(* For an integer $\ell\ge 1$ and $1\le u\le \ell^3$ let $c_u(\ell):=\#\{(a,b,c)\in\{1,\dots,\ell\}^3:\ abc=u\}$, and set $$C_3(\ell):=\sum_{\substack{u,v\le \ell^3\\ uv \text{ is a perfect square}}} c_u(\ell)c_v(\ell).$$ Then for every $\delta>0$ one has $C_3(m)\ll_\delta m^{3+\delta}$ for all integers $m\ge 1$.
   Context: $f\ll_\delta g$ means $|f|\le C g$ for a constant $C$ depending only on $\delta$ (for all sufficiently large $m$). *)

theory Defs
  imports Complex_Main
begin

definition cnt :: "nat \<Rightarrow> nat \<Rightarrow> nat" where
  "cnt l u = card {(a,b,c). a \<in> {1..l} \<and> b \<in> {1..l} \<and> c \<in> {1..l} \<and> a*b*c = u}"

definition is_square :: "nat \<Rightarrow> bool" where
  "is_square n \<longleftrightarrow> (\<exists>k. n = k^2)"

definition C3 :: "nat \<Rightarrow> nat" where
  "C3 l = (\<Sum>(u,v) \<in> {(u,v). u \<in> {1..l^3} \<and> v \<in> {1..l^3} \<and> is_square (u*v)}.
              cnt l u * cnt l v)"

end

theory Submission
  imports Defs "HOL-Computational_Algebra.Primes"
begin

text \<open>
  The divisor function satisfies d(n) \<le> K n^e: in d(n) / n^e = prod_p (k_p + 1) / p^(k_p e)
  the factor of a prime p \<ge> exp (1/e) is at most 1, and each of the finitely many smaller
  primes contributes a bounded factor. A triple (a, b, c) with abc = u is determined by the
  divisors a, b of u, so c_u \<le> d(u)^2; a pair (u, v) with uv = k^2 is determined by
  k \<le> m^3 and the divisor u of k^2. Hence C_3(m) \<le> m^3 D^5, where D bounds d on [1, m^6],
  and D \<le> K m^(6e).
\<close>

definition divisor_count :: "nat \<Rightarrow> nat" where
  "divisor_count n = card {d. d dvd n}"

lemma divisor_count_prime_power_mult_le:
  fixes p m k :: nat
  assumes p: "prime p" and not_dvd: "\<not> p dvd m"
  shows "divisor_count (p ^ k * m) \<le> (k + 1) * divisor_count m"
proof -
  let ?split = "\<lambda>d. (multiplicity p d, d div p ^ multiplicity p d)"
  have m: "m \<noteq> 0" using not_dvd by (metis dvd_0_right)
  have not_unit: "\<not> is_unit p" using p not_prime_unit by blast
  have mult_pkm: "multiplicity p (p ^ k * m) = k"
    using p not_dvd by (intro multiplicity_decomposeI) auto
  have inj: "inj_on ?split {d. d dvd p ^ k * m}"
    by (rule inj_onI) (metis fst_conv snd_conv multiplicity_dvd dvd_mult_div_cancel)
  have range: "?split ` {d. d dvd p ^ k * m} \<subseteq> {0..k} \<times> {d. d dvd m}"
  proof
    fix z assume "z \<in> ?split ` {d. d dvd p ^ k * m}"
    then obtain d where d: "d dvd p ^ k * m" and z: "z = ?split d" by auto
    let ?r = "d div p ^ multiplicity p d"
    have pkm: "p ^ k * m \<noteq> 0" using m p by (simp add: prime_gt_0_nat)
    have "p ^ multiplicity p d dvd p ^ k * m" using multiplicity_dvd d dvd_trans by blast
    then have "multiplicity p d \<le> k"
      using multiplicity_geI[OF pkm not_unit] mult_pkm by simp
    moreover have "?r dvd m"
    proof -
      have "d \<noteq> 0" using d pkm by (metis dvd_0_left)
      then have "\<not> p dvd ?r" using multiplicity_decompose not_unit by blast
      then have "coprime ?r (p ^ k)" using p by (simp add: prime_imp_coprime coprime_commute)
      moreover have "?r dvd p ^ k * m"
        using d by (metis dvd_div_mult_self dvd_triv_left multiplicity_dvd dvd_trans)
      ultimately show ?thesis using coprime_dvd_mult_right_iff by blast
    qed
    ultimately show "z \<in> {0..k} \<times> {d. d dvd m}" using z by simp
  qed
  have "divisor_count (p ^ k * m) = card (?split ` {d. d dvd p ^ k * m})"
    using inj by (simp add: divisor_count_def card_image)
  also have "\<dots> \<le> card ({0..k} \<times> {d. d dvd m})"
    using range m by (intro card_mono) auto
  also have "\<dots> = (k + 1) * divisor_count m"
    by (simp add: divisor_count_def card_cartesian_product)
  finally show ?thesis .
qed

lemma of_nat_add_one_le_powr:
  fixes e x :: real and k :: nat
  assumes e: "e > 0" and x: "x > 1"
  shows "real k + 1 \<le> max 1 (1 / (e * ln x)) * x powr (real k * e)"
proof -
  define a where "a = e * ln x"
  have a: "a > 0" using e x by (simp add: a_def)
  have "real k + 1 \<le> max 1 (1 / a) * (1 + real k * a)"
  proof (cases "a \<ge> 1")
    case True
    then show ?thesis using mult_left_mono[of 1 a "real k"] by simp
  next
    case False
    then have "real k + 1 \<le> 1 / a * (1 + real k * a)" using a by (simp add: field_simps)
    moreover have "max 1 (1 / a) = 1 / a" using False a by simp
    ultimately show ?thesis by simp
  qed
  also have "\<dots> \<le> max 1 (1 / a) * exp (real k * a)"
    using exp_ge_add_one_self by (intro mult_left_mono) auto
  also have "exp (real k * a) = x powr (real k * e)"
    using x by (simp add: powr_def a_def mult.commute mult.left_commute)
  finally show ?thesis by (simp add: a_def)
qed

lemma prime_power_cofactor_split:
  fixes n :: nat
  assumes "n > 1"
  obtains p k m where "prime p" "k \<ge> 1" "\<not> p dvd m" "n = p ^ k * m"
proof -
  obtain p where p: "prime p" "p dvd n" using assms prime_factor_nat by (metis less_irrefl)
  have n0: "n \<noteq> 0" using assms by simp
  have not_unit: "\<not> is_unit p" using p not_prime_unit by blast
  show ?thesis
  proof (rule that[of p "multiplicity p n" "n div p ^ multiplicity p n"])
    show "multiplicity p n \<ge> 1" using multiplicity_geI[OF n0 not_unit, of 1] p by simp
    show "\<not> p dvd n div p ^ multiplicity p n" using multiplicity_decompose[OF n0 not_unit] .
    show "n = p ^ multiplicity p n * (n div p ^ multiplicity p n)"
      by (metis dvd_mult_div_cancel multiplicity_dvd)
  qed (use p in simp)
qed

lemma divisor_count_le_prod_prime_factors:
  fixes e :: real and n :: nat
  assumes e: "e > 0" and n: "n > 0"
  shows "real (divisor_count n)
           \<le> (\<Prod>p\<in>prime_factors n. max 1 (1 / (e * ln (real p)))) * real n powr e"
  using n
proof (induction n rule: less_induct)
  case (less n)
  define g where "g p = max 1 (1 / (e * ln (real p)))" for p :: nat
  show ?case
  proof (cases "n = 1")
    case True
    then show ?thesis by (simp add: divisor_count_def)
  next
    case False
    with less.prems have "n > 1" by simp
    then obtain p k m where p: "prime p" and k: "k \<ge> 1" and not_dvd: "\<not> p dvd m"
      and n_eq: "n = p ^ k * m"
      by (rule prime_power_cofactor_split)
    have m0: "m > 0" using not_dvd by (metis dvd_0_right gr0I)
    have p2: "p \<ge> 2" using p prime_ge_2_nat by blast
    have "p ^ k > 1" using p2 k by (intro one_less_power) auto
    then have "m < n" using n_eq m0 by simp
    then have IH: "real (divisor_count m) \<le> (\<Prod>q\<in>prime_factors m. g q) * real m powr e"
      using less.IH m0 by (simp add: g_def)
    have "prime_factors n = insert p (prime_factors m)"
      using n_eq p k m0 by (simp add: prime_factors_product prime_factorization_prime_power)
    moreover have "p \<notin> prime_factors m" using not_dvd by (auto dest: prime_factors_dvd)
    ultimately have prod_eq: "(\<Prod>q\<in>prime_factors n. g q) = g p * (\<Prod>q\<in>prime_factors m. g q)"
      by simp
    have n_powr: "real n powr e = real p powr (real k * e) * real m powr e"
      using n_eq p2 by (simp add: powr_mult powr_powr powr_realpow[symmetric])
    have "real (divisor_count n) \<le> (real k + 1) * real (divisor_count m)"
      using divisor_count_prime_power_mult_le[OF p not_dvd, of k] n_eq
      by (metis of_nat_Suc of_nat_le_iff of_nat_mult Suc_eq_plus1 add.commute)
    also have "\<dots> \<le> (g p * real p powr (real k * e)) * ((\<Prod>q\<in>prime_factors m. g q) * real m powr e)"
      using of_nat_add_one_le_powr[OF e, of "real p" k] p2 IH unfolding g_def
      by (intro mult_mono) auto
    also have "\<dots> = (\<Prod>q\<in>prime_factors n. g q) * real n powr e"
      by (simp add: prod_eq n_powr)
    finally show ?thesis by (simp add: g_def)
  qed
qed

lemma divisor_count_le_powr:
  fixes e :: real
  assumes e: "e > 0"
  shows "\<exists>K\<ge>1. \<forall>n>0. real (divisor_count n) \<le> K * real n powr e"
proof -
  define g where "g p = max 1 (1 / (e * ln (real p)))" for p :: nat
  define P where "P = nat \<lceil>exp (1 / e)\<rceil>"
  have g_large: "g p = 1" if "p \<ge> P" for p
  proof -
    have "exp (1 / e) \<le> real p" using that unfolding P_def by linarith
    then have "1 / e \<le> ln (real p)" by (metis exp_gt_zero less_le_trans ln_exp ln_le_cancel_iff)
    then have "1 \<le> e * ln (real p)" using e by (simp add: field_simps)
    then show ?thesis by (simp add: g_def)
  qed
  have "(\<Prod>p\<in>prime_factors n. g p) \<le> (\<Prod>p<P. g p)" for n
  proof -
    have "(\<Prod>p\<in>prime_factors n. g p) = (\<Prod>p\<in>prime_factors n \<inter> {..<P}. g p)"
      by (intro prod.mono_neutral_right) (auto, use g_large not_le in blast)
    also have "\<dots> \<le> (\<Prod>p<P. g p)"
      by (intro prod_mono2) (auto simp: g_def)
    finally show ?thesis .
  qed
  then have "real (divisor_count n) \<le> (\<Prod>p<P. g p) * real n powr e" if "n > 0" for n
    using divisor_count_le_prod_prime_factors[OF e that] unfolding g_def[symmetric]
    by (meson mult_right_mono order_trans powr_ge_zero)
  moreover have "(\<Prod>p<P. g p) \<ge> 1" by (intro prod_ge_1) (simp add: g_def)
  ultimately show ?thesis by blast
qed

lemma cnt_le_divisor_count_sq:
  assumes u: "u > 0"
  shows "cnt l u \<le> divisor_count u ^ 2"
proof -
  let ?T = "{(a,b,c). a \<in> {1..l} \<and> b \<in> {1..l} \<and> c \<in> {1..l} \<and> a * b * c = u}"
  let ?D = "{d. d dvd u}"
  have "inj_on (\<lambda>(a,b,c). (a,b)) ?T"
    by (auto simp: inj_on_def)
  then have "cnt l u = card ((\<lambda>(a,b,c). (a,b)) ` ?T)"
    unfolding cnt_def by (simp add: card_image)
  also have "\<dots> \<le> card (?D \<times> ?D)"
    using u by (intro card_mono) (auto intro: dvd_mult dvd_mult2)
  also have "\<dots> = divisor_count u ^ 2"
    by (simp add: divisor_count_def card_cartesian_product power2_eq_square)
  finally show ?thesis .
qed

definition square_product_pairs :: "nat \<Rightarrow> (nat \<times> nat) set" where
  "square_product_pairs N = {(u,v). u \<in> {1..N} \<and> v \<in> {1..N} \<and> is_square (u * v)}"

lemma C3_eq_sum_square_product_pairs:
  "C3 l = (\<Sum>(u,v)\<in>square_product_pairs (l ^ 3). cnt l u * cnt l v)"
  by (simp add: C3_def square_product_pairs_def)

lemma C3_le_card_square_product_pairs:
  assumes cnt_le: "\<And>u. u \<in> {1..l ^ 3} \<Longrightarrow> real (cnt l u) \<le> B"
  shows "real (C3 l) \<le> real (card (square_product_pairs (l ^ 3))) * B ^ 2"
proof -
  have "real (C3 l) = (\<Sum>(u,v)\<in>square_product_pairs (l ^ 3). real (cnt l u) * real (cnt l v))"
    by (simp add: C3_eq_sum_square_product_pairs case_prod_beta)
  also have "\<dots> \<le> (\<Sum>_\<in>square_product_pairs (l ^ 3). B ^ 2)"
  proof (intro sum_mono, clarify)
    fix u v assume "(u, v) \<in> square_product_pairs (l ^ 3)"
    then have "u \<in> {1..l ^ 3}" "v \<in> {1..l ^ 3}" by (auto simp: square_product_pairs_def)
    then show "real (cnt l u) * real (cnt l v) \<le> B ^ 2"
      using cnt_le by (simp add: power2_eq_square mult_mono')
  qed
  finally show ?thesis by simp
qed

lemma card_square_product_pairs_le:
  "card (square_product_pairs N) \<le> (\<Sum>k=1..N. divisor_count (k ^ 2))"
proof -
  let ?A = "\<lambda>k. (\<lambda>u. (u, k ^ 2 div u)) ` {d. d dvd k ^ 2}"
  have "square_product_pairs N \<subseteq> (\<Union>k\<in>{1..N}. ?A k)"
  proof clarify
    fix u v assume uv: "(u, v) \<in> square_product_pairs N"
    then obtain k where k: "u * v = k ^ 2"
      by (auto simp: square_product_pairs_def is_square_def)
    have "u * v \<le> N * N" "u * v > 0"
      using uv by (auto simp: square_product_pairs_def intro: mult_le_mono)
    then have "k ^ 2 \<le> N ^ 2" "k > 0"
      using k by (auto simp: power2_eq_square)
    then have "k \<in> {1..N}"
      using power_le_imp_le_base by auto
    moreover have "(u, v) \<in> ?A k"
      using k \<open>u * v > 0\<close> by (auto intro: image_eqI[of _ _ u] simp: k[symmetric])
    ultimately show "(u, v) \<in> (\<Union>k\<in>{1..N}. ?A k)" by blast
  qed
  then have "card (square_product_pairs N) \<le> card (\<Union>k\<in>{1..N}. ?A k)"
    by (intro card_mono) auto
  also have "\<dots> \<le> (\<Sum>k=1..N. card (?A k))"
    by (rule card_UN_le) simp
  also have "\<dots> \<le> (\<Sum>k=1..N. divisor_count (k ^ 2))"
    unfolding divisor_count_def by (intro sum_mono card_image_le) auto
  finally show ?thesis .
qed

lemma C3_le_divisor_count_bound:
  assumes divisor_count_le: "\<And>n. 0 < n \<Longrightarrow> n \<le> l ^ 6 \<Longrightarrow> real (divisor_count n) \<le> B"
  shows "real (C3 l) \<le> real l ^ 3 * B ^ 5"
proof -
  have "real (cnt l u) \<le> B ^ 2" if u: "u \<in> {1..l ^ 3}" for u
  proof -
    have "u \<le> l ^ 6" using u power_increasing[of 3 6 l] by (cases "l = 0") auto
    then have "real (divisor_count u) ^ 2 \<le> B ^ 2"
      using u divisor_count_le by (intro power_mono) auto
    moreover have "cnt l u \<le> divisor_count u ^ 2" using u by (intro cnt_le_divisor_count_sq) simp
    ultimately show ?thesis by (metis of_nat_le_iff of_nat_power order_trans)
  qed
  then have "real (C3 l) \<le> real (card (square_product_pairs (l ^ 3))) * (B ^ 2) ^ 2"
    by (rule C3_le_card_square_product_pairs)
  also have "\<dots> \<le> (real l ^ 3 * B) * (B ^ 2) ^ 2"
  proof -
    have "real (divisor_count (k ^ 2)) \<le> B" if k: "k \<in> {1..l ^ 3}" for k
      using k divisor_count_le[of "k ^ 2"] power_mono[of k "l ^ 3" 2] by (simp flip: power_mult)
    then have "(\<Sum>k=1..l ^ 3. real (divisor_count (k ^ 2))) \<le> (\<Sum>k=1..l ^ 3. B)"
      by (rule sum_mono)
    moreover have "real (card (square_product_pairs (l ^ 3))) \<le> (\<Sum>k=1..l ^ 3. real (divisor_count (k ^ 2)))"
      using card_square_product_pairs_le by (metis of_nat_le_iff of_nat_sum)
    ultimately show ?thesis by (intro mult_right_mono) auto
  qed
  also have "\<dots> = real l ^ 3 * B ^ 5" by algebra
  finally show ?thesis .
qed

theorem lemma2p3:
  fixes \<delta> :: real
  assumes "\<delta> > 0"
  shows "\<exists>C::real. \<forall>m::nat. m \<ge> 1 \<longrightarrow> real (C3 m) \<le> C * real m powr (3 + \<delta>)"
proof -
  define e where "e = \<delta> / 30"
  have e: "e > 0" using assms by (simp add: e_def)
  obtain K where "K \<ge> 1" and K: "\<forall>n>0. real (divisor_count n) \<le> K * real n powr e"
    using divisor_count_le_powr[OF e] by blast
  show ?thesis
  proof (intro exI[of _ "K ^ 5"] allI impI)
    fix m :: nat assume "m \<ge> 1"
    then have m: "real m > 0" by simp
    define B where "B = K * real m powr (6 * e)"
    have "real (divisor_count n) \<le> B" if "0 < n" "n \<le> m ^ 6" for n
    proof -
      have "real n powr e \<le> real (m ^ 6) powr e" using that e by (intro powr_mono2) auto
      also have "\<dots> = real m powr (6 * e)"
        unfolding of_nat_power powr_realpow[OF m, of 6, symmetric] powr_powr by simp
      finally show ?thesis using K that \<open>K \<ge> 1\<close> unfolding B_def
        by (meson mult_left_mono order_trans zero_le_one)
    qed
    then have "real (C3 m) \<le> real m ^ 3 * B ^ 5" by (rule C3_le_divisor_count_bound)
    also have "\<dots> = K ^ 5 * (real m powr 3 * real m powr (30 * e))"
      using m by (simp add: B_def power_mult_distrib powr_power powr_realpow)
    also have "\<dots> = K ^ 5 * real m powr (3 + \<delta>)"
      unfolding powr_add[symmetric] e_def by simp
    finally show "real (C3 m) \<le> K ^ 5 * real m powr (3 + \<delta>)" .
  qed
qed

end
========================
▶ TRY IT
Please give again only the lines from the start of the material through the line holding "imports Complex_Main", exactly as they are written.

▶ REPLY TO THE EXERCISE
(* For an integer $\ell\ge 1$ and $1\le u\le \ell^3$ let $c_u(\ell):=\#\{(a,b,c)\in\{1,\dots,\ell\}^3:\ abc=u\}$, and set $$C_3(\ell):=\sum_{\substack{u,v\le \ell^3\\ uv \text{ is a perfect square}}} c_u(\ell)c_v(\ell).$$ Then for every $\delta>0$ one has $C_3(m)\ll_\delta m^{3+\delta}$ for all integers $m\ge 1$.
   Context: $f\ll_\delta g$ means $|f|\le C g$ for a constant $C$ depending only on $\delta$ (for all sufficiently large $m$). *)

theory Defs
  imports Complex_Main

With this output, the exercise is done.